TASK INSTRUCTIONS
Copy each line of the entries beneath that contains the word "upath".

TASK MATERIAL
(* Assume the setting in the context. Let $x_i, x_j, x_{k_1},\dots,x_{k_m}\in X$ be distinct and $K=\{x_{k_1},\dots,x_{k_m}\}$. Suppose that: (a) for every $q=1,\dots,m$: for all $M\subseteq X\setminus\{x_i,x_{k_q}\}$, $N\subseteq X\setminus\{x_j,x_{k_q}\}$ and $G_1,G_2\in\mathcal G$, $x_i-G_1(M)\not\perp\!\!\!\perp x_j-G_2(N)$; and (d) there exist $Q_1,Q_2\subseteq K$ with $Q_1\cup Q_2=K$, $G_1,G_2\in\mathcal G$ and $M,N\subseteq X\setminus(\{x_i,x_j\}\cup K)$ such that $x_i-G_1(M\cup Q_1)\perp\!\!\!\perp x_j-G_2(N\cup Q_2)$. Then $(x_i,x_j)$ is a visible non-edge (w.r.t. $X$), and each $x_{k_q}$ is a parent of $x_i$ or a parent of $x_j$.
   Context: Model: $X$ is a finite set of observed random variables and $U$ a finite set of unobserved random variables; $V=X\cup U$ and $G=(V,E)$ is a DAG on $V$. Each $v_i\in V$ satisfies $v_i=\sum_{x_j\in \mathrm{pa}(v_i)\cap X} f^{(i)}_j(x_j)+\sum_{u_k\in\mathrm{pa}(v_i)\cap U} f^{(i)}_k(u_k)+n_i$, where the $f$'s are nonlinear functions and the external noises $n_i$ are jointly independent. "Parent", "ancestor", "path", "d-separation" refer to $G$ (a path has distinct vertices). Causal Faithfulness Condition (CFC): any conditional independence among variables of $V$ that is not entailed by d-separation in $G$ does not hold. $\perp\!\!\!\perp$ denotes statistical independence, $\not\perp\!\!\!\perp$ dependence. Function class: $\mathcal G$ is a class of generalized additive functions: for $G\in\mathcal G$ and a set $M$ of observed variables, $G(M)=\sum_{x_m\in M} g_m(x_m)$ (with $G(\emptyset)=0$). It satisfies: for any $x_i,x_j\in X$, sets $M,N\subseteq X$, $G_1,G_2\in\mathcal G$ and external noise $n_k$, if $n_k\not\perp\!\!\!\perp x_i-G_1(M)$ and $n_k\not\perp\!\!\!\perp x_j-G_2(N)$ then $x_i-G_1(M)\not\perp\!\!\!\perp x_j-G_2(N)$. Definitions, for $X'\subseteq X$ and $x_i,x_j\in X'$: an unobserved causal path (UCP) from $x_i$ to $x_j$ w.r.t. $X'$ is a directed path $x_i\to\cdots\to v_k\to x_j$ in $G$ with $v_k\notin X'$; an unobserved backdoor path (UBP) between $x_i$ and $x_j$ w.r.t. $X'$ is a path $x_i\leftarrow v_k\leftarrow\cdots\leftarrow v\to\cdots\to v_l\to x_j$ with $v_k,v_l\notin X'$ (allowing $v=v_k$, $v=v_l$, or $v=v_k=v_l$; $v$ may be in $X'$). "UBP/UCP between $x_i$ and $x_j$" means a UBP or a UCP in either direction. $x_j$ is a visible parent of $x_i$ w.r.t. $X'$ if $x_j$ is a parent of $x_i$ and there is no UBP/UCP between them w.r.t. $X'$; $(x_i,x_j)$ is a visible non-edge w.r.t. $X'$ if there is no edge between them and no UBP/UCP between them w.r.t. $X'$; $(x_i,x_j)$ is invisible w.r.t. $X'$ if there is a UBP/UCP between them w.r.t. $X'$. When $X'$ is omitted, $X'=X$. Standing facts (taken as known), for $X'\subseteq X$ and distinct $x_i,x_j\in X'$: (F1) $x_j$ is a visible parent of $x_i$ w.r.t. $X'$ iff [for all $G_1,G_2\in\mathcal G$, $M\subseteq X'\setminus\{x_i,x_j\}$, $N\subseteq X'\setminus\{x_j\}$: $x_i-G_1(M)\not\perp\!\!\!\perp x_j-G_2(N)$] and [there exist $G_1,G_2\in\mathcal G$, $M\subseteq X'\setminus\{x_i\}$, $N\subseteq X'\setminus\{x_i,x_j\}$ with $x_i-G_1(M)\perp\!\!\!\perp x_j-G_2(N)$]. (F2) $(x_i,x_j)$ is a visible non-edge w.r.t. $X'$ iff there exist $G_1,G_2\in\mathcal G$ and $M,N\subseteq X'\setminus\{x_i,x_j\}$ with $x_i-G_1(M)\perp\!\!\!\perp x_j-G_2(N)$. (F3) $(x_i,x_j)$ is invisible w.r.t. $X'$ iff for all $M\subseteq X'\setminus\{x_i\}$, $N\subseteq X'\setminus\{x_j\}$, $G_1,G_2\in\mathcal G$: $x_i-G_1(M)\not\perp\!\!\!\perp x_j-G_2(N)$. *)

theory Defs
  imports "HOL-Probability.Probability"
begin

definition is_dag :: "'v set \<Rightarrow> ('v \<times> 'v) set \<Rightarrow> bool" where
  "is_dag V E \<longleftrightarrow> finite V \<and> E \<subseteq> V \<times> V \<and> acyclic E"

definition parents :: "('v \<times> 'v) set \<Rightarrow> 'v \<Rightarrow> 'v set" where
  "parents E v = {u. (u, v) \<in> E}"

definition dpath :: "('v \<times> 'v) set \<Rightarrow> 'v list \<Rightarrow> bool" where
  "dpath E p \<longleftrightarrow> p \<noteq> [] \<and> distinct p \<and> (\<forall>t. Suc t < length p \<longrightarrow> (p!t, p!Suc t) \<in> E)"

definition upath :: "('v \<times> 'v) set \<Rightarrow> 'v list \<Rightarrow> bool" where
  "upath E p \<longleftrightarrow> p \<noteq> [] \<and> distinct p \<and>
     (\<forall>t. Suc t < length p \<longrightarrow> (p!t, p!Suc t) \<in> E \<or> (p!Suc t, p!t) \<in> E)"

definition collider :: "('v \<times> 'v) set \<Rightarrow> 'v list \<Rightarrow> nat \<Rightarrow> bool" where
  "collider E p t \<longleftrightarrow> 0 < t \<and> Suc t < length p \<and> (p!(t-1), p!t) \<in> E \<and> (p!Suc t, p!t) \<in> E"

definition descendants :: "('v \<times> 'v) set \<Rightarrow> 'v \<Rightarrow> 'v set" where
  "descendants E w = {d. (w, d) \<in> E\<^sup>*}"

definition blocked :: "('v \<times> 'v) set \<Rightarrow> 'v set \<Rightarrow> 'v list \<Rightarrow> bool" where
  "blocked E C p \<longleftrightarrow> (\<exists>t. 0 < t \<and> Suc t < length p \<and>
     (if collider E p t then descendants E (p!t) \<inter> C = {} else p!t \<in> C))"

definition d_separated :: "('v \<times> 'v) set \<Rightarrow> 'v set \<Rightarrow> 'v set \<Rightarrow> 'v set \<Rightarrow> bool" where
  "d_separated E A B C \<longleftrightarrow>
     (\<forall>p. upath E p \<and> hd p \<in> A \<and> last p \<in> B \<longrightarrow> blocked E C p)"

text \<open>UCP from xi to xj w.r.t. X': xi -> ... -> vk -> xj with vk not in X'.\<close>
definition UCP :: "('v \<times> 'v) set \<Rightarrow> 'v set \<Rightarrow> 'v \<Rightarrow> 'v \<Rightarrow> bool" where
  "UCP E X' xi xj \<longleftrightarrow> (\<exists>p. dpath E p \<and> hd p = xi \<and> last p = xj \<and> 2 \<le> length p \<and>
       p ! (length p - 2) \<notin> X')"

text \<open>UBP between xi and xj w.r.t. X': xi <- vk <- ... <- v -> ... -> vl -> xj,
  vk, vl not in X', all vertices distinct (v = vk, v = vl allowed).\<close>
definition UBP :: "('v \<times> 'v) set \<Rightarrow> 'v set \<Rightarrow> 'v \<Rightarrow> 'v \<Rightarrow> bool" where
  "UBP E X' xi xj \<longleftrightarrow> (\<exists>p q. dpath E p \<and> dpath E q \<and> hd p = hd q \<and>
       last p = xi \<and> last q = xj \<and> 2 \<le> length p \<and> 2 \<le> length q \<and>
       set p \<inter> set q = {hd p} \<and>
       p ! (length p - 2) \<notin> X' \<and> q ! (length q - 2) \<notin> X')"

definition invisible :: "('v \<times> 'v) set \<Rightarrow> 'v set \<Rightarrow> 'v \<Rightarrow> 'v \<Rightarrow> bool" where
  "invisible E X' xi xj \<longleftrightarrow>
     UBP E X' xi xj \<or> UBP E X' xj xi \<or> UCP E X' xi xj \<or> UCP E X' xj xi"

definition visible_parent :: "('v \<times> 'v) set \<Rightarrow> 'v set \<Rightarrow> 'v \<Rightarrow> 'v \<Rightarrow> bool" where
  "visible_parent E X' xj xi \<longleftrightarrow> (xj, xi) \<in> E \<and> \<not> invisible E X' xi xj"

ANSWER SPACE
definition upath :: "('v \<times> 'v) set \<Rightarrow> 'v list \<Rightarrow> bool" where
  "upath E p \<longleftrightarrow> p \<noteq> [] \<and> distinct p \<and>
     (\<forall>p. upath E p \<and> hd p \<in> A \<and> last p \<in> B \<longrightarrow> blocked E C p)"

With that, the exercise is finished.